A child learns from parents. That said, it is the duty of parents to teach kids about money management. In fact, you can help them prepare wisely, by doing simple exercises. These involve managing school activities, pocket money or sending them out to buy products. All of these can help a child develop smart money habits. Archit Gupta, Founder & CEO ClearTax said,
“Teaching your kids how to manage money is vital in today’s day and age. Managing money is something even adults grapple with, giving them an early head start will help them make fiscally wise decisions later in life.”
Gupta laid down few tips that’ll help teach your kids how to make financially viable decisions:
Slowly introduce the concept of budgeting to your children. No matter how small an allowance you choose to give, ask your kids to keep track of how much they spend and where they plan to spend it. Inculcating such habits early on will prove to be beneficial later in life. Once they start earning, they’ll be able to manage their income better.
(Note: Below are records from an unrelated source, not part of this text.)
lemma asdim_le_if_finite_subsets:
  assumes "\<And>\<epsilon>. \<epsilon> \<in> E \<Longrightarrow> \<exists>\<delta>\<in>E. \<forall>F. finite F \<and> F \<subseteq> X \<longrightarrow>
      (\<exists>\<U>. F \<subseteq> \<Union>\<U> \<and> mesh \<U> \<subseteq> \<delta> \<and> (\<forall>x\<in>F. meets_at_most \<U> (ball_c x \<epsilon>) (n + 1)))"
  shows "asdim_le X E n"
  unfolding asdim_le_iff
proof
  fix \<epsilon> assume "\<epsilon> \<in> E"
  from assms[OF this] obtain \<delta> where "\<delta> \<in> E" and "\<forall>F. finite F \<and> F \<subseteq> X \<longrightarrow>
      (\<exists>\<U>. F \<subseteq> \<Union>\<U> \<and> mesh \<U> \<subseteq> \<delta> \<and> (\<forall>x\<in>F. meets_at_most \<U> (ball_c x \<epsilon>) (n + 1)))" ..
  then obtain \<U> where
      cover: "\<And>F. finite F \<and> F \<subseteq> X \<Longrightarrow> F \<subseteq> \<Union>(\<U> F)" and
      mesh: "\<And>F. finite F \<and> F \<subseteq> X \<Longrightarrow> mesh (\<U> F) \<subseteq> \<delta>" and
      mult: "\<And>F x. finite F \<and> F \<subseteq> X \<Longrightarrow> x \<in> F \<Longrightarrow> meets_at_most (\<U> F) (ball_c x \<epsilon>) (n + 1)"
    by metis
  obtain \<FF> where \<FF>: "ultrafilter \<FF>" and eventually_finite: "eventually (\<lambda>F. finite F \<and> F \<subseteq> X) \<FF>"
    and eventually_contains: "\<forall>x\<in>X. eventually (\<lambda>F. finite F \<and> F \<subseteq> X \<and> x \<in> F) \<FF>"
    by (rule ultrafilter_finite_subsets)
  define \<V> where "\<V> = ultralimit_family \<FF> X \<U>"
  have "\<V> \<subseteq> Pow X" by (simp add: \<V>_def ultralimit_family_subset)
  moreover have "X \<subseteq> \<Union>\<V>"
  proof
    fix x assume "x \<in> X"
    have "eventually (\<lambda>F. \<exists>U\<in>\<U> F. x \<in> U) \<FF>"
      using bspec[OF eventually_contains \<open>x \<in> X\<close>]
    proof (rule eventually_mono)
      fix F assume "finite F \<and> F \<subseteq> X \<and> x \<in> F"
      then show "\<exists>U\<in>\<U> F. x \<in> U" using subsetD[OF cover[of F], of x] by simp
    qed
    then show "x \<in> \<Union>\<V>" unfolding \<V>_def by (rule ultralimit_family_covers[OF \<open>x \<in> X\<close>])
  qed
  moreover have "mesh \<V> \<subseteq> \<delta>"
  proof -
    have "eventually (\<lambda>F. mesh (\<U> F) \<subseteq> \<delta>) \<FF>"
      using eventually_finite by (rule eventually_mono) (rule mesh)
    then show ?thesis
      unfolding \<V>_def using \<FF> by (intro ultralimit_family_mesh) (auto simp: ultrafilter_def)
  qed
  moreover have "meets_at_most \<V> (ball_c x \<epsilon>) (n + 1)" if "x \<in> X" for x
  proof -
    have "eventually (\<lambda>F. meets_at_most (\<U> F) (ball_c x \<epsilon>) (n + 1)) \<FF>"
      using bspec[OF eventually_contains that] by (rule eventually_mono) (rule mult; simp)
    then show ?thesis unfolding \<V>_def by (rule ultralimit_family_meets_at_most[OF \<FF>])
  qed
  ultimately show "\<exists>\<V>. \<V> \<subseteq> Pow X \<and> \<Union>\<V> = X \<and> (\<exists>\<delta>\<in>E. mesh \<V> \<subseteq> \<delta>) \<and>
      (\<forall>x\<in>X. meets_at_most \<V> (ball_c x \<epsilon>) (n + 1))"
    using \<open>\<delta> \<in> E\<close> by (intro exI[of _ \<V>]) auto
qed

section \<open>Left translates of covers in a topological group\<close>

lemma left_base_mono: "K \<subseteq> K' \<Longrightarrow> left_base G K \<subseteq> left_base G K'"
  by (auto simp: left_base_def)

lemma (in group) inv_image_eq:
  assumes "K \<subseteq> carrier G" and "\<And>x. x \<in> K \<Longrightarrow> inv x \<in> K"
  shows "(\<lambda>x. inv x) ` K = K"
proof
  show "K \<subseteq> (\<lambda>x. inv x) ` K"
  proof
    fix x assume "x \<in> K"
    then have "x = inv (inv x)" "inv x \<in> K" using assms by auto
    then show "x \<in> (\<lambda>x. inv x) ` K" by (rule image_eqI)
  qed
qed (use assms in blast)

definition thick_in :: "('a, 'b) monoid_scheme \<Rightarrow> 'a set \<Rightarrow> 'a set \<Rightarrow> bool" where
  "thick_in G A K \<longleftrightarrow> (\<forall>F. finite F \<and> F \<subseteq> carrier G \<longrightarrow> (\<exists>x\<in>carrier G. x <#\<^bsub>G\<^esub> F \<subseteq> A <#>\<^bsub>G\<^esub> K))"

definition translate_cover :: "('a, 'b) monoid_scheme \<Rightarrow> 'a \<Rightarrow> 'a set \<Rightarrow> 'a set set \<Rightarrow> 'a set set" where
  "translate_cover G x K \<W> = (\<lambda>W. inv\<^bsub>G\<^esub> x <#\<^bsub>G\<^esub> (W <#>\<^bsub>G\<^esub> K)) ` \<W>"

context group
begin

lemma mult_inv_cancel_right: "x \<in> carrier G \<Longrightarrow> y \<in> carrier G \<Longrightarrow> x \<otimes> y \<otimes> inv y = x"
  by (simp add: m_assoc)

lemma mem_translate_iff: "y \<in> x <# (W <#> K) \<longleftrightarrow> (\<exists>w\<in>W. \<exists>k\<in>K. y = x \<otimes> (w \<otimes> k))"
  by (auto simp: l_coset_def set_mult_def)

lemma translate_cover_covers:
  assumes x: "x \<in> carrier G" and F: "F \<subseteq> carrier G" "x <# F \<subseteq> A <#> K" and \<W>: "\<Union>\<W> = A"
  shows "F \<subseteq> \<Union>(translate_cover G x K \<W>)"
proof
  fix f assume "f \<in> F"
  then have "x \<otimes> f \<in> A <#> K" using F(2) by (auto simp: l_coset_def)
  then obtain a k where "a \<in> A" "k \<in> K" and xf: "x \<otimes> f = a \<otimes> k" by (auto simp: set_mult_def)
  then obtain W where "W \<in> \<W>" "a \<in> W" using \<W> by blast
  have "f = inv x \<otimes> (x \<otimes> f)" using x F(1) \<open>f \<in> F\<close> by (auto simp: m_assoc[symmetric])
  then have "f \<in> inv x <# (W <#> K)"
    unfolding mem_translate_iff xf using \<open>a \<in> W\<close> \<open>k \<in> K\<close> by blast
  then show "f \<in> \<Union>(translate_cover G x K \<W>)"
    using \<open>W \<in> \<W>\<close> by (auto simp: translate_cover_def)
qed

lemma translate_cover_mesh:
  assumes x: "x \<in> carrier G" and K: "K \<subseteq> carrier G" "(\<lambda>x. inv x) ` K = K"
    and D: "D \<subseteq> carrier G" and mesh: "mesh \<W> \<subseteq> left_base G D"
  shows "mesh (translate_cover G x K \<W>) \<subseteq> left_base G (K <#> D <#> K)"
proof
  fix q assume "q \<in> mesh (translate_cover G x K \<W>)"
  then obtain W y z where W: "W \<in> \<W>" and q: "q = (y, z)"
    and yz: "y \<in> inv x <# (W <#> K)" "z \<in> inv x <# (W <#> K)"
    by (auto simp: mesh_def translate_cover_def)
  obtain u k where u: "u \<in> W" "k \<in> K" "y = inv x \<otimes> (u \<otimes> k)"
    using yz(1) unfolding mem_translate_iff by blast
  obtain u' k' where u': "u' \<in> W" "k' \<in> K" "z = inv x \<otimes> (u' \<otimes> k')"
    using yz(2) unfolding mem_translate_iff by blast
  have "(u, u') \<in> left_base G D" using u u' W mesh by (auto simp: mesh_def)
  then obtain d where d: "d \<in> D" "u = u' \<otimes> d" "u \<in> carrier G" "u' \<in> carrier G"
    unfolding left_base_def by blast
  have c: "d \<in> carrier G" "k \<in> carrier G" "k' \<in> carrier G" using d(1) D u(2) u'(2) K(1) by auto
  have "y = z \<otimes> (inv k' \<otimes> d \<otimes> k)"
    using u(3) u'(3) d c x by (simp add: m_assoc[symmetric] mult_inv_cancel_right)
  moreover have "inv k' \<otimes> d \<otimes> k \<in> K <#> D <#> K"
    using u'(2) K(2) d(1) u(2) by (force simp: set_mult_def)
  moreover have "y \<in> carrier G" "z \<in> carrier G" using u(3) u'(3) d c x by auto
  ultimately show "q \<in> left_base G (K <#> D <#> K)"
    using q unfolding left_base_def by blast
qed

text \<open>If \<open>x p = a k\<^sub>0\<close>, every member of the translated cover near \<open>p\<close> comes from a member of
  \<open>\<W>\<close> near \<open>a\<close>.\<close>
lemma translate_cover_meets_at_most:
  assumes x: "x \<in> carrier G" and p: "p \<in> carrier G" "x \<otimes> p \<in> A <#> K"
    and K: "K \<subseteq> carrier G" "(\<lambda>x. inv x) ` K = K" and K1: "K1 \<subseteq> carrier G" "\<epsilon> \<subseteq> left_base G K1"
    and \<W>: "\<W> \<subseteq> Pow A" "A \<subseteq> carrier G"
    and \<delta>: "left_base G (K <#> K1 <#> K) \<inter> A \<times> A \<subseteq> \<delta>"
    and mult: "\<And>a. a \<in> A \<Longrightarrow> meets_at_most \<W> (ball_c a \<delta>) n"
  shows "meets_at_most (translate_cover G x K \<W>) (ball_c p \<epsilon>) n"
proof -
  obtain a k0 where a: "a \<in> A" "k0 \<in> K" "x \<otimes> p = a \<otimes> k0"
    using p(2) by (auto simp: set_mult_def)
  show ?thesis unfolding translate_cover_def
  proof (rule meets_at_most_image[OF mult[OF a(1)]])
    fix W assume W: "W \<in> \<W>" and "ball_c p \<epsilon> \<inter> (inv x <# (W <#> K)) \<noteq> {}"
    then obtain y where y: "(p, y) \<in> \<epsilon>" "y \<in> inv x <# (W <#> K)" by (auto simp: ball_c_def)
    obtain w k where w: "w \<in> W" "k \<in> K" "y = inv x \<otimes> (w \<otimes> k)"
      using y(2) unfolding mem_translate_iff by blast
    obtain k1 where k1: "k1 \<in> K1" "p = y \<otimes> k1"
      using y(1) K1(2) unfolding left_base_def by blast
    have wA: "w \<in> A" using w(1) W \<W>(1) by auto
    have c: "w \<in> carrier G" "k \<in> carrier G" "k1 \<in> carrier G" "k0 \<in> carrier G" "a \<in> carrier G"
      using wA \<W>(2) w(2) k1(1) a K K1(1) by auto
    have "a = x \<otimes> p \<otimes> inv k0" using a(3) c by (simp add: m_assoc)
    also have "\<dots> = w \<otimes> (k \<otimes> k1 \<otimes> inv k0)"
      using w(3) k1(2) c x by (simp add: m_assoc[symmetric] mult_inv_cancel_right)
    finally have "a = w \<otimes> (k \<otimes> k1 \<otimes> inv k0)" .
    moreover have "k \<otimes> k1 \<otimes> inv k0 \<in> K <#> K1 <#> K"
      using w(2) k1(1) a(2) K(2) by (force simp: set_mult_def)
    ultimately have "(a, w) \<in> \<delta>"
      using \<delta> a(1) wA c unfolding left_base_def by blast
    then show "ball_c a \<delta> \<inter> W \<noteq> {}" using w(1) by (auto simp: ball_c_def)
  qed
qed

end

locale top_group = group G for G (structure) +
  fixes T :: "'a topology"
  assumes topological_group: "topological_group G T"
begin

lemma topspace_eq: "topspace T = carrier G"
  using topological_group by (simp add: topological_group_def)

lemma compactin_subset_carrier: "compactin T K \<Longrightarrow> K \<subseteq> carrier G"
  using compactin_subset_topspace topspace_eq by blast

lemma compactin_set_mult:
  assumes "compactin T M" "compactin T N"
  shows "compactin T (M <#> N)"
proof -
  have "M <#> N = (\<lambda>(x, y). x \<otimes> y) ` (M \<times> N)"
    by (auto simp: set_mult_def)
  moreover have "compactin (prod_topology T T) (M \<times> N)"
    using assms by (simp add: compactin_Times)
  moreover have "continuous_map (prod_topology T T) T (\<lambda>(x, y). x \<otimes> y)"
    using topological_group by (simp add: topological_group_def)
  ultimately show ?thesis by (simp add: image_compactin)
qed

lemma compactin_inv_image: "compactin T K \<Longrightarrow> compactin T ((\<lambda>x. inv x) ` K)"
  using topological_group by (simp add: topological_group_def image_compactin)

lemma left_coarse_subset: "\<epsilon> \<in> left_coarse G T \<Longrightarrow> \<epsilon> \<subseteq> carrier G \<times> carrier G"
  by (auto simp: left_coarse_def left_base_def)

lemma left_coarseE:
  assumes "\<epsilon> \<in> left_coarse G T"
  obtains K where "compactin T K" "(\<lambda>x. inv x) ` K = K" "\<epsilon> \<subseteq> left_base G K"
  using assms by (auto simp: left_coarse_def)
Meanwhile, Javed Tapia, Founder Slonkit which is India’s first money management app for parents and teenagers said, “Once they understand the benefits of saving and start doing the same, teach them budgeting. Guide your children to document their expenses and ask them to set monthly budgets. If needed, help them categorize their expenses, put a limit on spends in each category and monitor their expenses across categories.”
Avoid giving allowances to your kids. Try paying them commissions based on chores they do around the house such as taking out the trash, cleaning their room, or watering the plants. This activity will help them understand that money is earned and not just handed over.
Also, Tapia adds, “It’s important to give children some money to manage. However, ensure that they have earned it. Offer your children an allowance on completion of a set of household chores. This could be as simple as setting the table for dinner.”
Avoid impulse buys:
Try not to give into all your children’s whims and fantasies. If they make an impulsive demand, ask them to be patient and reason with them as to why they need it. Instead of giving in, encourage them to wait. Delayed gratification helps develop patience in your children as well as prepares them to make level headed decisions.
Additionally, Tapia had also highlighted few pointers which can help children be financially fit.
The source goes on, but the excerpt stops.